Thank goodness! If this passes, landlords will be able to say, "oh, you want to add your wife to the lease? I'm afraid I will face eternal damnation if I let you do that, so you are now officially homeless. It is what my god wants." Restaurants will be able to ask two girls on their first date to stop eating their breadsticks until they can come back with proper male companions. When a single woman tells her boss she's pregnant, she can be fired for flaunting her sinning ways in order to protect the employer from doing anything un-Christian-like such as provide a source of income to a mother. Isn't this bill just fantastic?
What's great is that so many people already have practice exercising their religious rights this way. As Dana Liebelson
wrote for the Huffington Post, "There are a number of recent cases where religious schools have fired unwed teachers for becoming pregnant.

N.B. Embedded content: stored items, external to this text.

(* Let $\mathcal{C}$ be an $(n,k,d)$ linear MDS code over a finite field $\mathbb{F}_q$, and let $d^\perp = n-d+2$. Then $$\rho(\mathcal{C}) \le \frac{\max\{d^\perp, d-1\}}{n}\binom{n}{d-2}.$$
   Context: An $(n,k,d)$ linear MDS code is a linear code over $\mathbb{F}_q$ of length $n$, dimension $k$ and minimum Hamming distance $d = n-k+1$; its dual is MDS with minimum distance $d^\perp = k+1 = n-d+2$. A parity-check matrix for $\mathcal{C}$ is any matrix (possibly with linearly dependent rows) whose rows span $\mathcal{C}^\perp$. For a parity-check matrix $H$, the stopping distance $s(H)$ is the largest integer such that for every set of $s(H)-1$ or fewer columns of $H$, the projection of $H$ onto those columns contains at least one row with exactly one nonzero entry. The stopping redundancy $\rho(\mathcal{C})$ is the smallest number of rows of a parity-check matrix $H$ for $\mathcal{C}$ with $s(H) = d$. *)

theory Defs
  imports Complex_Main "HOL-Library.Cardinality"
begin

text \<open>Vectors of length n over a field are functions nat => 'a vanishing outside {..<n}.\<close>

definition vecs :: "nat \<Rightarrow> (nat \<Rightarrow> 'a::field) set" where
  "vecs n = {v. \<forall>i\<ge>n. v i = 0}"

definition linear_code :: "nat \<Rightarrow> (nat \<Rightarrow> 'a::field) set \<Rightarrow> bool" where
  "linear_code n C \<longleftrightarrow> C \<subseteq> vecs n \<and> (\<lambda>i. 0) \<in> C \<and>
     (\<forall>u\<in>C. \<forall>v\<in>C. (\<lambda>i. u i + v i) \<in> C) \<and>
     (\<forall>a. \<forall>u\<in>C. (\<lambda>i. a * u i) \<in> C)"

definition code_dim :: "(nat \<Rightarrow> 'a::{finite,field}) set \<Rightarrow> nat \<Rightarrow> bool" where
  "code_dim C k \<longleftrightarrow> card C = CARD('a) ^ k"

definition hweight :: "nat \<Rightarrow> (nat \<Rightarrow> 'a::field) \<Rightarrow> nat" where
  "hweight n v = card {i. i < n \<and> v i \<noteq> 0}"

text \<open>Minimum Hamming distance of a linear code = minimum weight of a nonzero codeword.\<close>
definition min_dist :: "nat \<Rightarrow> (nat \<Rightarrow> 'a::field) set \<Rightarrow> nat" where
  "min_dist n C = (LEAST w. \<exists>c\<in>C. c \<noteq> (\<lambda>i. 0) \<and> hweight n c = w)"

definition dual_code :: "nat \<Rightarrow> (nat \<Rightarrow> 'a::field) set \<Rightarrow> (nat \<Rightarrow> 'a) set" where
  "dual_code n C = {v \<in> vecs n. \<forall>c\<in>C. (\<Sum>i<n. v i * c i) = 0}"

definition row_span :: "(nat \<Rightarrow> 'a::field) list \<Rightarrow> (nat \<Rightarrow> 'a) set" where
  "row_span H = {v. \<exists>a. v = (\<lambda>i. \<Sum>j<length H. a j * (H ! j) i)}"

definition parity_check :: "nat \<Rightarrow> (nat \<Rightarrow> 'a::field) set \<Rightarrow> (nat \<Rightarrow> 'a) list \<Rightarrow> bool" where
  "parity_check n C H \<longleftrightarrow> set H \<subseteq> vecs n \<and> row_span H = dual_code n C"

definition has_single_row :: "(nat \<Rightarrow> 'a::field) list \<Rightarrow> nat set \<Rightarrow> bool" where
  "has_single_row H S \<longleftrightarrow> (\<exists>h\<in>set H. card {i\<in>S. h i \<noteq> 0} = 1)"

definition stopping_distance :: "nat \<Rightarrow> (nat \<Rightarrow> 'a::field) list \<Rightarrow> nat" where
  "stopping_distance n H = (GREATEST s. \<forall>S. S \<subseteq> {..<n} \<and> S \<noteq> {} \<and> card S \<le> s - 1
       \<longrightarrow> has_single_row H S)"

definition stopping_redundancy :: "nat \<Rightarrow> (nat \<Rightarrow> 'a::field) set \<Rightarrow> nat" where
  "stopping_redundancy n C = (LEAST m. \<exists>H. parity_check n C H \<and> length H = m \<and>
       stopping_distance n H = min_dist n C)"

end

theory Submission
  imports Defs "HOL-Library.FuncSet"
begin

text \<open>In an MDS code any k positions form an information set, so any k + 1 = n - d + 2 positions
  carry a dual codeword: the parity relation expressing one coordinate through the other k.
  Take one such dual word for every (d - 2)-subset Z of the first n - 1 positions, supported off Z.
  Given a nonempty set S of at most d - 1 columns, pick s in S (the last position if it lies
  in S) and enlarge S - {s} to such a Z avoiding s: that row meets S exactly in s. Since no dual
  word meets the support of a codeword exactly once, the stopping distance is d; the rows span
  the dual code, because on d - 1 = n - k columns they can be peeled one column at a time and
  a dual word vanishing on n - k positions is zero. This gives
  rho \<le> (n - 1 choose d - 2) = (n - d + 2) / n * (n choose d - 2); for d = 1 the dual code is
  trivial and the empty matrix suffices.\<close>

lemma card_functions_supported_on:
  assumes "finite T"
  shows "card {f :: nat \<Rightarrow> 'a::{finite,zero}. \<forall>i. i \<notin> T \<longrightarrow> f i = 0} = CARD('a) ^ card T"
proof -
  let ?V = "{f :: nat \<Rightarrow> 'a. \<forall>i. i \<notin> T \<longrightarrow> f i = 0}"
  have "bij_betw (\<lambda>f. restrict f T) ?V (PiE T (\<lambda>_. UNIV))"
    by (rule bij_betwI[where g = "\<lambda>g i. if i \<in> T then g i else 0"])
      (auto simp: PiE_def extensional_def)
  then have "card ?V = card (PiE T (\<lambda>_. UNIV :: 'a set))"
    by (rule bij_betw_same_card)
  also have "\<dots> = CARD('a) ^ card T"
    using assms by (simp add: card_PiE)
  finally show ?thesis .
qed

lemma finite_functions_supported_on:
  assumes "finite T"
  shows "finite {f :: nat \<Rightarrow> 'a::{finite,zero}. \<forall>i. i \<notin> T \<longrightarrow> f i = 0}"
  using card_functions_supported_on[OF assms, where 'a = 'a]
  by (intro card_ge_0_finite) simp

text \<open>Position n - 1 is never covered by Z, so when it lies in S it has to be the survivor.\<close>

lemma exists_subset_meeting_in_one:
  fixes S :: "nat set"
  assumes "S \<subseteq> {..<n}" "S \<noteq> {}" "card S \<le> m + 1" "m + 2 \<le> n"
  obtains Z where "Z \<subseteq> {..<n - 1}" "card Z = m" "card (S - Z) = 1"
proof -
  define s where "s = (if n - 1 \<in> S then n - 1 else (SOME s. s \<in> S))"
  have "s \<in> S"
    using assms(2) by (auto simp: s_def intro: someI_ex)
  have S: "finite S"
    using assms(1) finite_subset by blast
  let ?A = "{..<n - 1} - {s}"
  have "S - {s} \<subseteq> ?A"
  proof
    fix i assume i: "i \<in> S - {s}"
    then have "i < n" "i \<noteq> n - 1"
      using assms(1) by (auto simp: s_def split: if_splits)
    then show "i \<in> ?A"
      using i by auto
  qed
  moreover have "card (S - {s}) \<le> m"
    using assms(3) S \<open>s \<in> S\<close> by simp
  moreover have "m \<le> card ?A"
    using assms(4) by (auto simp: card_Diff_singleton_if)
  ultimately obtain Z where Z: "S - {s} \<subseteq> Z" "Z \<subseteq> ?A" "card Z = m"
    using exists_subset_between[of "S - {s}" m ?A] by blast
  then have "S - Z = {s}"
    using \<open>s \<in> S\<close> by blast
  show ?thesis
    by (rule that) (use Z \<open>S - Z = {s}\<close> in auto)
qed

lemma real_binomial_absorb_comp:
  assumes "0 < n"
  shows "real ((n - 1) choose m) = real (n - m) / real n * real (n choose m)"
proof -
  have "real (n - m) * real (n choose m) = real n * real ((n - 1) choose m)"
    using binomial_absorb_comp[of n m] by (metis of_nat_mult)
  then show ?thesis
    using assms by (simp add: field_simps)
qed

section \<open>Linear codes\<close>

lemma linear_code_add: "linear_code n C \<Longrightarrow> u \<in> C \<Longrightarrow> v \<in> C \<Longrightarrow> (\<lambda>i. u i + v i) \<in> C"
  unfolding linear_code_def by blast

lemma linear_code_smult: "linear_code n C \<Longrightarrow> u \<in> C \<Longrightarrow> (\<lambda>i. a * u i) \<in> C"
  unfolding linear_code_def by blast

lemma linear_code_diff:
  assumes "linear_code n C" "u \<in> C" "v \<in> C"
  shows "(\<lambda>i. u i - v i) \<in> C"
  using linear_code_add[OF assms(1,2) linear_code_smult[OF assms(1,3), of "-1"]] by simp

lemma linear_code_sum:
  assumes "linear_code n C" "finite J" "\<And>j. j \<in> J \<Longrightarrow> f j \<in> C"
  shows "(\<lambda>i. \<Sum>j\<in>J. a j * f j i) \<in> C"
  using assms(2,3)
proof (induction J rule: finite_induct)
  case empty
  then show ?case using assms(1) by (simp add: linear_code_def)
next
  case (insert x F)
  then show ?case
    using linear_code_add[OF assms(1) linear_code_smult[OF assms(1)]] by simp
qed

lemma code_dim_le_length:
  fixes C :: "(nat \<Rightarrow> 'a::{finite,field}) set"
  assumes "linear_code n C" "code_dim C k"
  shows "k \<le> n"
proof -
  let ?V = "{f :: nat \<Rightarrow> 'a. \<forall>i. i \<notin> {..<n} \<longrightarrow> f i = 0}"
  have "C \<subseteq> ?V"
    using assms(1) by (auto simp: linear_code_def vecs_def)
  then have "card C \<le> card ?V"
    by (intro card_mono finite_functions_supported_on) auto
  then have "CARD('a) ^ k \<le> CARD('a) ^ n"
    using assms(2) card_functions_supported_on[of "{..<n}", where 'a = 'a]
    by (simp add: code_dim_def)
  moreover have "card {0::'a, 1} \<le> CARD('a)"
    by (rule card_mono) auto
  ultimately show ?thesis
    using power_le_imp_le_exp by fastforce
qed

lemma min_dist_le_hweight:
  assumes "c \<in> C" "c \<noteq> (\<lambda>i. 0)"
  shows "min_dist n C \<le> hweight n c"
  unfolding min_dist_def by (rule Least_le) (use assms in blast)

A Montana Catholic school teacher who was fired for having a baby out of wedlock, for example, filed a discrimination charge last year with the EEOC."
And in case you're worried that this isn't the intention of the bill, be comforted. The Senator who introduced the companion bill, Mike Lee (R-Utah) told NPR "There are colleges and universities that have a religious belief that sexual relations are to be reserved for [heterosexual] marriage" and they "ought to be protected in their religious freedom." Phew! What a relief.
If your Representative
has cosponsored this bill, please thank him or her for trying to protect us from needing to risk a hellish afterlife by treating people respectfully.